Men standing on cinder blocks stacked like a Jenga tower grabbed pails of concrete handed by others below them at a Reynosa baseball field Thursday afternoon, where construction began for a new migrant encampment days ago.

Migrant volunteers work Thursday, Jan. 6, 2021, on construction of new encampment that will offer migrants living in a city plaza a safer shelter.
(Valerie Gonzalez | [email protected])

A long winding road filled with potholes and without public lighting lead the way from a plaza, a mile and a half away, which has served as dan encampment for hundreds of migrants sent back to Mexico by the United States.

The city has sought to remove migrants from the plaza since August when critical infrastructure was stripped from the encampment. Conditions continued to deteriorate to the point that volunteers helping migrants have felt the living situation has become unsustainable.

“The plaza has become a lot more dangerous,” Felicia Rangel-Samponaro, co-founder of the Sidewalk School, said Thursday. “People get kidnapped off of that encampment daily. Families get kidnapped.”

Felicia Rangel-Samponaro is one of several volunteers, including Mexican churches, who have visited with migrants at the encampment since March, when migrants began to sleep at the plaza en masse.

Negotiations between city leaders and nongovernmental organizations like the Sidewalk School, Senda de Vida, the city’s largest migrant shelter, and Catholic Charities of the Rio Grande Valley led to the agreement to move the encampment to the baseball field.

Thousands of dollars were donated by the Sidewalk School, an initial investment in the construction that prioritized the construction of a nearly 8-foot wall surrounding the perimeter of the field. People living at Senda de Vida volunteered to work on the project and have worked at a brisk pace in 12-hour shifts.

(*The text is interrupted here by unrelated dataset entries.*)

lemma four_cycle_avoids_petal:
  assumes j: "j \<in> {1,2,3}" and a: "a \<in> Vs i j" and cyc: "four_cycle A a b c d"
    and "b \<in> V i" "c \<in> V i" "d \<in> V i" and "b \<notin> R i" "c \<notin> R i" "d \<notin> R i"
  shows False
proof -
  note cyc' = cyc [unfolded four_cycle_def]
  have "b \<noteq> v i j" "d \<noteq> v i j"
    using assms(7,9) v_in_centre [OF i j] by blast+
  then have b_cases: "b \<in> Vs i j \<or> (a \<in> W i j \<and> b \<in> V (i+1))"
    and d_cases: "d \<in> Vs i j \<or> (a \<in> W i j \<and> d \<in> V (i+1))"
    using petal_nbr_cases [OF j a \<open>b \<in> V i\<close>] petal_nbr_cases [OF j a \<open>d \<in> V i\<close>] cyc'
    by (auto simp: insert_commute)
  show False
  proof (cases "b \<in> Vs i j")
    case b: True
    show False
    proof (cases "d \<in> Vs i j")
      case True
      with petal_partner_unique [OF j a b] cyc' show False
        by (auto simp: insert_commute)
    next
      case False
      with d_cases four_cycle_W_petal [OF j _ b \<open>c \<notin> R i\<close> cyc \<open>c \<in> V i\<close>] show False
        by blast
    qed
  next
    case False
    with b_cases have aW: "a \<in> W i j" and "b \<in> V (i+1)"
      by blast+
    show False
    proof (cases "d \<in> Vs i j")
      case True
      from four_cycle_W_petal [OF j aW True \<open>c \<notin> R i\<close> four_cycle_reverse [OF cyc] \<open>c \<in> V i\<close>]
      show False .
    next
      case False
      with d_cases have "d \<in> V (i+1)"
        by blast
      with cross_edge_unique [OF j aW aW \<open>b \<in> V (i+1)\<close>] cyc' show False
        by (auto simp: insert_commute)
    qed
  qed
qed

lemma C4_free_step:
  assumes "C4_free (induced A (V (i+1)))"
  shows "C4_free (induced A (V i))"
  unfolding C4_free_iff_no_four_cycle
proof (intro allI notI)
  fix a b c d assume "four_cycle (induced A (V i)) a b c d"
  then have cyc: "four_cycle A a b c d" and in_V: "a \<in> V i" "b \<in> V i" "c \<in> V i" "d \<in> V i"
    unfolding four_cycle_induced by blast+
  have rotations: "four_cycle A b c d a" "four_cycle A c d a b" "four_cycle A d a b c"
    using four_cycle_rotate cyc by blast+
  have not_centre: "x \<notin> R i"
    if "four_cycle A x y z w" "y \<in> V i" "z \<in> V i" "w \<in> V i" for x y z w
    using centre_cases [OF i] four_cycle_avoids_centre that by blast
  have not_R: "a \<notin> R i" "b \<notin> R i" "c \<notin> R i" "d \<notin> R i"
    using not_centre cyc rotations in_V by blast+
  have not_petal: "x \<notin> Vs i j" if "j \<in> {1,2,3}" "four_cycle A x y z w"
    "y \<in> V i" "z \<in> V i" "w \<in> V i" "y \<notin> R i" "z \<notin> R i" "w \<notin> R i" for j x y z w
    using four_cycle_avoids_petal that by blast
  have "a \<notin> Vs i j \<and> b \<notin> Vs i j \<and> c \<notin> Vs i j \<and> d \<notin> Vs i j" if "j \<in> {1,2,3}" for j
    using not_petal [OF that] cyc rotations in_V not_R by blast
  then have "a \<in> V (i+1)" "b \<in> V (i+1)" "c \<in> V (i+1)" "d \<in> V (i+1)"
    using in_V not_R V_split [OF i] by blast+
  with cyc have "four_cycle (induced A (V (i+1))) a b c d"
    unfolding four_cycle_induced by blast
  with assms show False
    unfolding C4_free_iff_no_four_cycle by blast
qed

lemma path_centre_succ:
  assumes j: "j \<in> {1,2,3}" and b: "b \<in> V (i+1)"
  shows "\<not> C4_free (insert {v i j, b} A)"
proof -
  obtain w where w: "w \<in> W i j" "{w, b} \<in> A"
    using succ_has_W_nbr [OF j b] by blast
  obtain u where u: "u \<in> U i j" "{w, u} \<in> A"
    using W_has_U_nbr [OF j w(1)] by blast
  have "u \<in> Vs i j" "w \<in> Vs i j" "u \<noteq> w"
    using u(1) w(1) petal_parts_subset [OF i j] petal_partition (2) [OF i j] by blast+
  with b v_in_centre [OF i j] centre_petal_disjoint [OF i j] centre_disjoint_succ [OF i]
    petal_disjoint_succ [OF i j]
  have "distinct [v i j, u, w, b]"
    by auto
  moreover have "{u, w} \<in> A"
    using u(2) by (simp add: insert_commute)
  ultimately show ?thesis
    using star_edge [OF i j \<open>u \<in> Vs i j\<close>] w(2) by (intro not_C4_free_insert_path)
qed

lemma path_centre_petal:
  assumes j: "j \<in> {1,2,3}" and k: "k \<in> {1,2,3}" "k \<noteq> j" and b: "b \<in> Vs i k"
  shows "\<not> C4_free (insert {v i j, b} A)"
proof -
  obtain b' where b': "b' \<in> Vs i k" "b' \<noteq> b" "{b, b'} \<in> A"
    using petal_partner_exists [OF k(1) b] by blast
  have "v i j \<noteq> v i k"
    using v_inj [OF i j k(1)] k(2) by auto
  moreover have "v i j \<notin> Vs i k" "v i k \<notin> Vs i k"
    using v_in_centre [OF i j] v_in_centre [OF i k(1)] centre_petal_disjoint [OF i k(1)] by blast+
  ultimately have "distinct [v i j, v i k, b', b]"
    using b b' by auto
  moreover have "{b', b} \<in> A"
    using b'(3) by (simp add: insert_commute)
  ultimately show ?thesis
    using centre_edge [OF i j k(1)] star_edge [OF i k(1) b'(1)] k(2)
    by (intro not_C4_free_insert_path) auto
qed

lemma path_petal_succ:
  assumes j: "j \<in> {1,2,3}" and a: "a \<in> Vs i j" and b: "b \<in> V (i+1)" and "{a, b} \<notin> A"
  shows "\<not> C4_free (insert {a, b} A)"
proof -
  obtain w where w: "w \<in> W i j" "{w, b} \<in> A"
    using succ_has_W_nbr [OF j b] by blast
  have "w \<in> Vs i j"
    using w(1) petal_parts_subset [OF i j] by blast
  moreover have "w \<noteq> a"
    using w(2) \<open>{a, b} \<notin> A\<close> by blast
  ultimately have "distinct [a, v i j, w, b]"
    using a b v_in_centre [OF i j] centre_petal_disjoint [OF i j] centre_disjoint_succ [OF i]
      petal_disjoint_succ [OF i j] by auto
  moreover have "{a, v i j} \<in> A"
    using star_edge [OF i j a] by (simp add: insert_commute)
  ultimately show ?thesis
    using star_edge [OF i j \<open>w \<in> Vs i j\<close>] w(2) by (intro not_C4_free_insert_path)
qed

Migrants will inhabit the baseball field area while medical, educational and other services will be set up closer on the southside where asphalt has been laid out.

On Thursday, men, women and children from Honduras, Guatemala, El Salvador, Haiti, and many other nationalities used hammers, axes, machetes, shovels and buckets to help build the new place for their fellow countrymen.

Migrant volunteers work Thursday, Jan. 6, 2021, on construction of new encampment that will offer migrants living in a city plaza a safer shelter.
(Valerie Gonzalez | [email protected])

A group used shovels to mix concrete that was then poured in wheelbarrows and parked by men perched on makeshift ladders by the wall.

The concrete from the wheelbarrows was scooped into buckets, lugged over shoulders and above heads to hands reaching down from near the top of the wall.

Children, whose single parents were working on the field, played with soccer balls scattered around the grass. Others sat patiently by their parents under the unseasonably warm winter afternoon.

Many working on the project know what it feels like to live exposed to the elements having lived for several months in the encampment before space opened up at Senda de Vida. Pastor Hector Silva, the director of the shelter, will also be overseeing the new encampment that’s only a few blocks away from Senda de Vida.

The city proposed the site, due to its proximity to the shelter. Rangel-Samponaro said while her organization made an initial contribution to cover expenses for the first portion of the wall, the city will also be donating money to continue the construction. A call was made to the mayor of Reynosa, but he was not immediately available for comment.

Migrant volunteers work Thursday, Jan. 6, 2021, on construction of new encampment that will offer migrants living in a city plaza a safer shelter.
(Valerie Gonzalez | [email protected])

Silva also said the city will be adding lights at the baseball field and along the road leading up to it to enhance safety for migrant transportation.

Once the walls are complete, other buildings will be erected with the financial support of Catholic Charities of the Rio Grande Valley, according to their executive director, Sister Norma Pimentel.

Although there is no set timeline for its completion, construction is competing against incoming changes, including the beginning of the Migrant Protection Protocols that will start in Matamoros. The program will send asylum seekers back to Mexico to wait for their U.S. immigration court hearings. Though, many of the migrants arriving at the border may not qualify to be placed in the program due to their nationality.

Rangel-Samponaro believes the start of MPP could affect the number of migrants staying in Reynosa.

The changes are prompting nongovernmental organizations to prepare shelters in both cities.

Migrant volunteers work Thursday, Jan. 6, 2021, on construction of new encampment that will offer migrants living in a city plaza a safer shelter.
(Valerie Gonzalez | [email protected])

Rangel-Samponaro said an encampment like the one that was built in Matamoros will not be recreated, she said. Instead, Pimentel secured a property that will be developed to shelter 300 to 500 families.

Meanwhile, the baseball field is expected to accommodate up to 1,000 migrants, about 1,000 fewer than those living at the plaza near the bridge currently. NGOs suspect the baseball field may be ready by the start of MPP that can trigger an exodus to Matamoros.

Like the men atop the precarious blocks, planning continues to tentatively move forward.